Но счастливые молодые люди не тяготились незаконными мыслями. Души их были чисты, помыслы — вполне благонадежны, а мир казался им большим и светлым. Они вольны были ехать куда угодно, а осели именно здесь. Им казалось, что это именно то, что нужно, — маленький тихий городок с несколькими огромными предприятиями, тенистыми аллеями и парками, белыми и красными кирпичными домами и вполне приличным ассортиментом магазинов — дефицит тогда еще никого не хватал за горло.
Они оба были выходцами из деревни. Их родители, проработав всю жизнь на колхоз «за так», выпихнули своих чад в город, не желая им своей судьбы. Там они и познакомились и решили пожениться. Все было чудесно, большой город — это неуютно и немного страшновато, а маленький Торинск — в самый раз. Катя и Славик были вполне довольны судьбой. Почему бы и нет? К тому же в городе имелся институт, и они бегали туда вечерами на занятия.

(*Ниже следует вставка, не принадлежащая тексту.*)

theorem theorem1:
  fixes \<delta> \<kappa> a \<alpha> \<phi> E :: real and epsL :: "real \<Rightarrow> real"
  defines "d \<equiv> 2 * pi * \<delta>"
  defines "\<Gamma> \<equiv> \<kappa> * cos \<phi>"
  defines "q0 \<equiv> 2 * pi * \<delta> * \<kappa> / cos \<phi>"
  defines "PK \<equiv> (\<lambda>p::real. \<alpha> * q0 * p ^ 3 - (1 - (E - 1) * q0) * p + a)"
  defines "\<alpha>0 \<equiv> 4 / 27 * (1 / a\<^sup>2) * (1 - (E - 1) * q0) ^ 3 / q0"
  defines "\<alpha>1 \<equiv> 1 / 3 * inverse (q0 * (1 - (E - 1) * q0))"
  assumes "\<delta> > 0" and "\<kappa> > 0" and "a > 0" and "\<alpha> > 0"
    and "- (pi / 2) < \<phi>" and "\<phi> < pi / 2"
    and "continuous_on {-d..d} epsL"
    and "\<forall>z\<in>{-d..d}. 1 < epsL z"
    and "E = Sup (epsL ` {-d..d})"
    and "(E - 1) * q0 < 1"
    and "\<alpha> < \<alpha>0" and "\<alpha> < \<alpha>1"
  shows "\<exists>p1 p2. 0 < p1 \<and> p1 < p2 \<and> PK p1 = 0 \<and> PK p2 = 0 \<and>
           (\<forall>p>0. PK p = 0 \<longrightarrow> p = p1 \<or> p = p2) \<and>
           (\<forall>p. p1 < p \<and> p < p2 \<and> q0 * (E - 1 + 3 * \<alpha> * p\<^sup>2) < 1 \<longrightarrow>
              (\<forall>U\<in>closed_ball_C d p. T_op a \<Gamma> \<kappa> d epsL \<alpha> U \<in> closed_ball_C d p) \<and>
              (\<forall>U\<in>closed_ball_C d p. \<forall>V\<in>closed_ball_C d p.
                 supnorm d (\<lambda>z. T_op a \<Gamma> \<kappa> d epsL \<alpha> U z - T_op a \<Gamma> \<kappa> d epsL \<alpha> V z)
                 \<le> q0 * (E - 1 + 3 * \<alpha> * p\<^sup>2) * supnorm d (\<lambda>z. U z - V z)))"
proof -
  have "cos \<phi> > 0" using assms by (intro cos_gt_zero_pi) auto
  then have "d \<ge> 0" "\<Gamma> > 0" "q0 > 0"
    unfolding d_def \<Gamma>_def q0_def using assms by auto
  have q0_eq: "q0 = \<kappa>\<^sup>2 * d / \<Gamma>"
    unfolding q0_def d_def \<Gamma>_def using \<open>cos \<phi> > 0\<close> \<open>\<kappa> > 0\<close> by (simp add: power2_eq_square)
  have eps: "1 \<le> epsL z \<and> epsL z \<le> E" if "z \<in> {-d..d}" for z
    using assms that continuous_le_Sup_image[of "{-d..d}" epsL z] by force
  define c where "c = 1 - (E - 1) * q0"
  have "c > 0" unfolding c_def using assms by simp
  have discriminant: "27 * (\<alpha> * q0) * a\<^sup>2 < 4 * c ^ 3"
    using \<open>\<alpha> < \<alpha>0\<close> \<open>a > 0\<close> \<open>q0 > 0\<close> unfolding \<alpha>0_def c_def by (simp add: field_simps)
  obtain p1 p2 where roots: "0 < p1" "p1 < p2" "PK p1 = 0" "PK p2 = 0"
    "\<forall>p>0. PK p = 0 \<longrightarrow> p = p1 \<or> p = p2" and negative: "\<forall>p. p1 < p \<and> p < p2 \<longrightarrow> PK p < 0"
    using cubic_two_positive_roots[OF _ \<open>c > 0\<close> \<open>a > 0\<close> discriminant] \<open>\<alpha> > 0\<close> \<open>q0 > 0\<close>
    unfolding PK_def c_def by auto
  have small: "\<bar>a\<bar> + \<kappa>\<^sup>2 * d / \<Gamma> * ((E - 1 + \<alpha> * p\<^sup>2) * p) \<le> p" if "p1 < p \<and> p < p2" for p
  proof -
    have "PK p < 0" using negative that by blast
    then show ?thesis using \<open>a > 0\<close> unfolding PK_def q0_eq[symmetric]
      by (simp add: algebra_simps power2_eq_square power3_eq_cube)
  qed
  show ?thesis
  proof (intro exI conjI allI impI ballI)
    fix p U V assume p: "p1 < p \<and> p < p2 \<and> q0 * (E - 1 + 3 * \<alpha> * p\<^sup>2) < 1"
      and U: "U \<in> closed_ball_C d p" and V: "V \<in> closed_ball_C d p"
    show "T_op a \<Gamma> \<kappa> d epsL \<alpha> U \<in> closed_ball_C d p"
      using T_op_maps_ball[OF \<open>\<Gamma> > 0\<close> \<open>d \<ge> 0\<close> \<open>continuous_on {-d..d} epsL\<close> eps _ small U]
        \<open>\<alpha> > 0\<close> p by auto
    show "supnorm d (\<lambda>z. T_op a \<Gamma> \<kappa> d epsL \<alpha> U z - T_op a \<Gamma> \<kappa> d epsL \<alpha> V z)
            \<le> q0 * (E - 1 + 3 * \<alpha> * p\<^sup>2) * supnorm d (\<lambda>z. U z - V z)"
      using T_op_lipschitz[OF \<open>\<Gamma> > 0\<close> \<open>d \<ge> 0\<close> \<open>continuous_on {-d..d} epsL\<close> eps _ U V]
        \<open>\<alpha> > 0\<close> unfolding q0_eq by auto
  qed (use roots in auto)
qed

end
lemma pos_def_congruence:
  assumes K: "K \<in> carrier_mat p n" and KK: "K * transpose_mat K = 1\<^sub>m p" and P: "pos_def n P"
  shows "pos_def p (K * P * transpose_mat K)"
proof -
  have Pc: "P \<in> carrier_mat n n" and P_sym: "transpose_mat P = P"
    and pos: "\<And>v. v \<in> carrier_vec n \<Longrightarrow> v \<noteq> 0\<^sub>v n \<Longrightarrow> v \<bullet> (P *\<^sub>v v) > 0"
    using P unfolding pos_def_def symmetric_mat_def by auto
  have "w \<bullet> ((K * P * transpose_mat K) *\<^sub>v w) > 0" if w: "w \<in> carrier_vec p" "w \<noteq> 0\<^sub>v p" for w
  proof -
    define y where "y = transpose_mat K *\<^sub>v w"
    have y: "y \<in> carrier_vec n" unfolding y_def using K w by auto
    have "K *\<^sub>v y = w"
      unfolding y_def using K w KK by (simp add: assoc_mult_mat_vec[symmetric, of _ p n])
    then have "y \<noteq> 0\<^sub>v n" using w K by auto
    have "w \<bullet> ((K * P * transpose_mat K) *\<^sub>v w) = w \<bullet> (K *\<^sub>v (P *\<^sub>v y))"
      unfolding y_def using K Pc w by (simp add: assoc_mult_mat_vec[of _ p n _ p] assoc_mult_mat_vec[of _ p n _ n])
    also have "\<dots> = y \<bullet> (P *\<^sub>v y)"
      unfolding y_def using K Pc w by (simp add: transpose_vec_mult_scalar[of K p n])
    finally show ?thesis using pos[OF y \<open>y \<noteq> 0\<^sub>v n\<close>] by simp
  qed
  moreover have "transpose_mat (K * P * transpose_mat K) = K * P * transpose_mat K"
  proof -
    have "transpose_mat (K * P * transpose_mat K) = transpose_mat (K * (P * transpose_mat K))"
      using K Pc by (simp add: assoc_mult_mat[of _ p n _ n _ p])
    also have "\<dots> = transpose_mat (P * transpose_mat K) * transpose_mat K"
      using K Pc by (intro transpose_mult[of _ p n]) auto
    also have "transpose_mat (P * transpose_mat K) = K * transpose_mat P"
      using K Pc by (simp add: transpose_mult[of P n n])
    finally show ?thesis unfolding P_sym .
  qed
  ultimately show ?thesis using K Pc unfolding pos_def_def symmetric_mat_def by auto
qed
section \<open>Growth rate and the dichotomy at the Perron root\<close>

lemma tendsto_ln_rate_of_geometric_bounds:
  fixes a :: "nat \<Rightarrow> real"
  assumes "0 < A" and "0 < B" and "0 < c"
    and bounds: "\<And>n. A * c^n \<le> a n \<and> a n \<le> B * c^n"
  shows "(\<lambda>n. 1 / real n * ln (a n)) \<longlonglongrightarrow> ln c"
proof (rule tendsto_sandwich[where f="\<lambda>n. ln c + ln A / real n" and h="\<lambda>n. ln c + ln B / real n"])
  show "(\<lambda>n. ln c + ln A / real n) \<longlonglongrightarrow> ln c" "(\<lambda>n. ln c + ln B / real n) \<longlonglongrightarrow> ln c"
    using tendsto_add[OF tendsto_const lim_const_over_n[of "ln A"], of "ln c"]
      tendsto_add[OF tendsto_const lim_const_over_n[of "ln B"], of "ln c"] by simp_all
  have "ln c + ln A / real n \<le> 1 / real n * ln (a n) \<and> 1 / real n * ln (a n) \<le> ln c + ln B / real n"
    if "0 < n" for n
  proof -
    have "0 < A * c^n" using assms by simp
    then have "ln (A * c^n) \<le> ln (a n) \<and> ln (a n) \<le> ln (B * c^n)"
      using bounds[of n] by (auto simp del: ln_mult)
    then have "ln A + real n * ln c \<le> ln (a n) \<and> ln (a n) \<le> ln B + real n * ln c"
      using assms by (simp add: ln_mult ln_realpow)
    then have "(ln A + real n * ln c) / real n \<le> ln (a n) / real n \<and>
        ln (a n) / real n \<le> (ln B + real n * ln c) / real n"
      by (auto intro: divide_right_mono)
    moreover have "(ln A + real n * ln c) / real n = ln c + ln A / real n"
      "(ln B + real n * ln c) / real n = ln c + ln B / real n"
      using that by (simp_all add: field_simps)
    ultimately show ?thesis by simp
  qed
  then show "eventually (\<lambda>n. ln c + ln A / real n \<le> 1 / real n * ln (a n)) sequentially"
    "eventually (\<lambda>n. 1 / real n * ln (a n) \<le> ln c + ln B / real n) sequentially"
    by (auto intro!: eventually_sequentiallyI[of 1])
qed

lemma power_powr_swap: "0 < c \<Longrightarrow> (c ^ n) powr p = (c powr p) ^ n"
  for c :: real
  by (simp add: powr_realpow[symmetric] powr_powr mult.commute)

locale perron_affine_kernel = affine_kernel mu M b
  for mu :: "'x::finite \<Rightarrow> real" and M b +
  fixes r :: real and v w :: "'x \<Rightarrow> real"
  assumes r_pos: "0 < r"
    and v_pos: "\<And>x. x \<in> supp \<Longrightarrow> 0 < v x"
    and v_eigen: "\<And>x. x \<in> supp \<Longrightarrow> kernel_op M v x = r * v x"
    and w_pos: "\<And>x. x \<in> supp \<Longrightarrow> 0 < w x"
    and w_eigen: "\<And>y. y \<in> supp \<Longrightarrow> (\<Sum>x\<in>supp. w x * M x y) = r * w y"

context affine_kernel
begin

text \<open>Pairing the right and left eigen-equations with the left and right eigenvectors
  shows that their eigenvalues agree.\<close>

lemma perron_affine_kernel_exists: "\<exists>r v w. perron_affine_kernel mu M b r v w"
proof -
  obtain r v where r: "0 < r" and v_nonneg: "\<forall>x. 0 \<le> v x" and "\<exists>x\<in>supp. 0 < v x"
    and v_eigen: "\<forall>x\<in>supp. (\<Sum>y\<in>supp. M x y * v y) = r * v x"
    using exists_nonneg_eigenvector[of M supp, OF M_nonneg supp_nonempty supp_pred] by blast
  obtain r' w where w_nonneg: "\<forall>x. 0 \<le> w x" and "\<exists>x\<in>supp. 0 < w x"
    and w_eigen: "\<forall>y\<in>supp. (\<Sum>x\<in>supp. M x y * w x) = r' * w y"
    using exists_nonneg_eigenvector[of "\<lambda>x y. M y x" supp, OF M_nonneg supp_nonempty supp_succ] by blast
  have v_pos: "0 < v x" if "x \<in> supp" for x
    by (rule eigenvector_pos_if_irreducible[of M v supp r, OF M_nonneg v_nonneg[rule_format]
      \<open>\<exists>x\<in>supp. 0 < v x\<close> v_eigen[rule_format] irreducible that finite])
  have "{(x, y). x \<in> supp \<and> y \<in> supp \<and> 0 < M x y}\<inverse> = {(x, y). x \<in> supp \<and> y \<in> supp \<and> 0 < M y x}"
    by auto
  then have irreducible_transpose: "(x, y) \<in> {(x, y). x \<in> supp \<and> y \<in> supp \<and> 0 < M y x}\<^sup>*"
    if "x \<in> supp" "y \<in> supp" for x y
    using rtrancl_converseI[OF irreducible[OF that(2,1)]] by simp
  have w_pos: "0 < w x" if "x \<in> supp" for x
    by (rule eigenvector_pos_if_irreducible[of "\<lambda>x y. M y x" w supp r', OF M_nonneg
      w_nonneg[rule_format] \<open>\<exists>x\<in>supp. 0 < w x\<close> w_eigen[rule_format] irreducible_transpose that finite])
  have "r' * (\<Sum>y\<in>supp. w y * v y) = (\<Sum>y\<in>supp. (\<Sum>x\<in>supp. M x y * w x) * v y)"
    using w_eigen by (simp add: sum_distrib_left mult_ac)
  also have "\<dots> = (\<Sum>y\<in>supp. \<Sum>x\<in>supp. w x * M x y * v y)"
    by (simp add: sum_distrib_left sum_distrib_right mult_ac)
  also have "\<dots> = (\<Sum>x\<in>supp. w x * (\<Sum>y\<in>supp. M x y * v y))"
    by (subst sum.swap) (simp add: sum_distrib_left mult.assoc)
  also have "\<dots> = r * (\<Sum>y\<in>supp. w y * v y)"
    using v_eigen by (simp add: sum_distrib_left algebra_simps)
  finally have "r' * (\<Sum>y\<in>supp. w y * v y) = r * (\<Sum>y\<in>supp. w y * v y)" .
  moreover have "0 < (\<Sum>y\<in>supp. w y * v y)"
    using supp_nonempty v_pos w_pos by (intro sum_pos) auto
  ultimately have "r' = r" by simp
  then have "perron_affine_kernel mu M b r v w"
    using r v_pos w_pos v_eigen w_eigen
    by unfold_locales (auto simp: kernel_op_eq_sum_supp mult.commute)
  then show ?thesis by blast
qed
lemma mild_solution_exists:
  assumes g: "integrable_forcing g"
  obtains z where "mild_solution g \<zeta> z"
proof -
  define zs where "zs n = (picard g \<zeta> ^^ n) (\<lambda>_. 0)" for n
  have traj: "trajectory (zs n)" for n
    unfolding zs_def by (rule trajectory_picard_iterate[OF g])
  obtain a where "\<And>n t. norm (zs (Suc n) t - zs n t) \<le> a * (1/2)^n"
    using picard_iterates_steps[OF g] unfolding zs_def by blast
  moreover have "summable (\<lambda>n. a * (1/2::real)^n)" by (intro summable_mult summable_geometric) auto
  ultimately obtain z where unif: "uniform_limit UNIV zs z sequentially"
    by (rule uniform_limit_summable_steps)
  have lim: "(\<lambda>n. zs n t) \<longlonglongrightarrow> z t" for t by (rule tendsto_uniform_limitI[OF unif]) auto
  have "continuous_on {0..T} z"
    using traj unfolding trajectory_def
    by (intro uniform_limit_theorem[OF _ uniform_limit_on_subset[OF unif]]) auto
  moreover have "z t = 0" if "t \<notin> {0..T}" for t
    using LIMSEQ_unique[OF lim[of t]] traj that unfolding trajectory_def by simp
  ultimately have z: "trajectory z" unfolding trajectory_def by blast
  have "picard g \<zeta> z t = z t" if t: "t \<in> {0..T}" for t
  proof (rule LIMSEQ_unique)
    show "(\<lambda>n. picard g \<zeta> (zs n) t) \<longlonglongrightarrow> z t"
      using LIMSEQ_Suc[OF lim[of t]] by (simp add: zs_def)
    show "(\<lambda>n. picard g \<zeta> (zs n) t) \<longlonglongrightarrow> picard g \<zeta> z t"
    proof (rule tendstoI)
      fix e :: real assume "e > 0"
      define K where "K = exp (2 * lip * T)"
      have "K > 0" unfolding K_def by simp
      with \<open>e > 0\<close> have "\<forall>\<^sub>F n in sequentially. \<forall>s\<in>UNIV. dist (zs n s) (z s) < e / (2 * K)"
        by (intro uniform_limitD[OF unif]) auto
      then show "\<forall>\<^sub>F n in sequentially. dist (picard g \<zeta> (zs n) t) (picard g \<zeta> z t) < e"
      proof eventually_elim
        case (elim n)
        have "norm (picard g \<zeta> (zs n) t - picard g \<zeta> z t) \<le> e / (2 * K) * K"
          unfolding K_def
          by (rule norm_picard_diff_le_uniform[OF g traj z t])
            (use elim in \<open>auto simp: dist_norm K_def less_imp_le\<close>)
        also have "\<dots> < e" using \<open>e > 0\<close> \<open>K > 0\<close> by simp
        finally show ?case by (simp add: dist_norm)
      qed
    qed
  qed
  with z show ?thesis by (intro that) (auto simp: mild_solution_def picard_def)
qed
lemma sin_ratio_strict_antimono:
  assumes "2 \<le> m" "0 \<le> s" "s < t" "(real m - 1) * t \<le> pi"
  shows "sin_ratio m t < sin_ratio m s"
  unfolding sin_ratio_def
proof (rule sum_strict_mono_ex1)
  show "\<forall>k\<in>{..<m}. cos ((real m - 1 - 2 * real k) * t) \<le> cos ((real m - 1 - 2 * real k) * s)"
    using sin_ratio_term_antimono[of _ m s t] assms by auto
  have "0 \<le> (real m - 1) * s" "(real m - 1) * s < (real m - 1) * t"
    using assms by simp_all
  then have "cos ((real m - 1) * t) < cos ((real m - 1) * s)"
    using assms(4) by (subst cos_mono_less_eq) auto
  then show "\<exists>k\<in>{..<m}. cos ((real m - 1 - 2 * real k) * t) < cos ((real m - 1 - 2 * real k) * s)"
    using assms(1) by (intro bexI[of _ 0]) auto
qed simp

lemma abs_sin_mult_div_sin_less:
  assumes m: "2 \<le> m" and h: "0 < h" "h < x" and x: "x \<le> pi / 2" and mh: "real m * h \<le> pi / 2"
  shows "\<bar>sin (real m * x) / sin x\<bar> < sin (real m * h) / sin h"
proof -
  have sin_h: "sin h > 0" and sin_x: "sin x > 0"
    using assms by (auto intro!: sin_gt_zero)
  have ratio_h: "sin_ratio m h = sin (real m * h) / sin h"
    using sin_times_sin_ratio[of h m] sin_h by (simp add: field_simps)
  have ratio_x: "sin_ratio m x = sin (real m * x) / sin x"
    using sin_times_sin_ratio[of x m] sin_x by (simp add: field_simps)
  show ?thesis
  proof (cases "real m * x \<le> pi")
    case True
    then have "0 \<le> sin (real m * x)"
      using h by (intro sin_ge_zero) auto
    moreover have "sin_ratio m x < sin_ratio m h"
      using True h by (intro sin_ratio_strict_antimono[OF m]) (auto simp: algebra_simps)
    ultimately show ?thesis
      using sin_x ratio_h ratio_x by simp
  next
    case False
    \<comment> \<open>Here only \<open>\<bar>sin (m x)\<bar> \<le> 1\<close> is used, against the value \<open>1 / sin p\<close> of the quotient
      at its first peak \<open>p = \<pi> / (2 m)\<close>.\<close>
    define p where "p = pi / (2 * real m)"
    have "p < pi / real m" "pi / real m < x"
      using False m by (auto simp: p_def field_simps)
    then have "sin p < sin x"
      using m x by (subst sin_mono_less_eq) (auto simp: p_def)
    moreover have "sin p > 0"
      using m by (auto simp: p_def field_simps intro!: sin_gt_zero)
    moreover have "sin p * \<bar>sin (real m * x)\<bar> \<le> sin p"
      using \<open>sin p > 0\<close> abs_sin_le_one[of "real m * x"] by (simp add: mult_left_le)
    ultimately have "sin p * \<bar>sin (real m * x)\<bar> < sin x"
      by linarith
    then have "\<bar>sin (real m * x) / sin x\<bar> < 1 / sin p"
      using sin_x \<open>sin p > 0\<close> by (simp add: abs_divide field_simps)
    also have "1 / sin p = sin_ratio m p"
      using sin_times_sin_ratio[of p m] \<open>sin p > 0\<close> m by (simp add: p_def field_simps)
    also have "\<dots> \<le> sin_ratio m h"
      using h mh m by (intro sin_ratio_antimono) (auto simp: p_def field_simps)
    finally show ?thesis
      using ratio_h by simp
  qed
qed
lemma matching_extend:
  assumes "finite M" "M \<subseteq> {{x', y} | x' y. x' \<in> S \<and> y \<in> N x'}" "matching M"
    and "N x \<inter> S = {}" "x \<notin> S" "\<And>x'. x' \<in> S \<Longrightarrow> x \<notin> N x'"
    and "card M < card (N x)"
  shows "\<exists>M'. M' \<subseteq> {{x', y} | x' y. x' \<in> insert x S \<and> y \<in> N x'} \<and> matching M'
    \<and> card M' = Suc (card M)"
proof -
  have "card (\<Union>M \<inter> N x) \<le> card M"
  proof (rule card_Union_Int_le[OF assms(1)])
    fix e assume "e \<in> M"
    then obtain x' y' where "e = {x', y'}" "x' \<in> S" using assms(2) by blast
    then have "e \<inter> N x \<subseteq> {y'}" using assms(4) by blast
    then show "\<exists>z. e \<inter> N x \<subseteq> {z}" ..
  qed
  then have "\<not> N x \<subseteq> \<Union>M" using assms(7) by (auto simp: Int_absorb1)
  then obtain y where y: "y \<in> N x" "y \<notin> \<Union>M" by blast
  have "x \<notin> \<Union>M"
  proof
    assume "x \<in> \<Union>M"
    then obtain x' y' where "x \<in> {x', y'}" "x' \<in> S" "y' \<in> N x'" using assms(2) by blast
    then show False using assms(5,6) by blast
  qed
  then have fresh: "{x, y} \<inter> \<Union>M = {}" using y(2) by blast
  show ?thesis
  proof (intro exI conjI)
    show "insert {x, y} M \<subseteq> {{x', y} | x' y. x' \<in> insert x S \<and> y \<in> N x'}"
      using assms(2) y(1) by blast
    show "matching (insert {x, y} M)" using assms(3) fresh by (rule matching_insert)
    have "{x, y} \<notin> M" using fresh by blast
    then show "card (insert {x, y} M) = Suc (card M)" using assms(1) by simp
  qed
qed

В положенный срок их маленькая семья пополнилась — родилась девочка. Мода на красивые заграничные имена не прошла, никто не думал, как они сочетаются со славянскими фамилиями, а уж тем более — отчествами. Молодые родители хотели назвать свою дочь как-то так… Жанна, Лада, Анжелика. Ну не Людой же или Валей называть такую необыкновенную девочку! Нет, конечно. Девочку назвали Даной. Выбирали наименьшее из зол.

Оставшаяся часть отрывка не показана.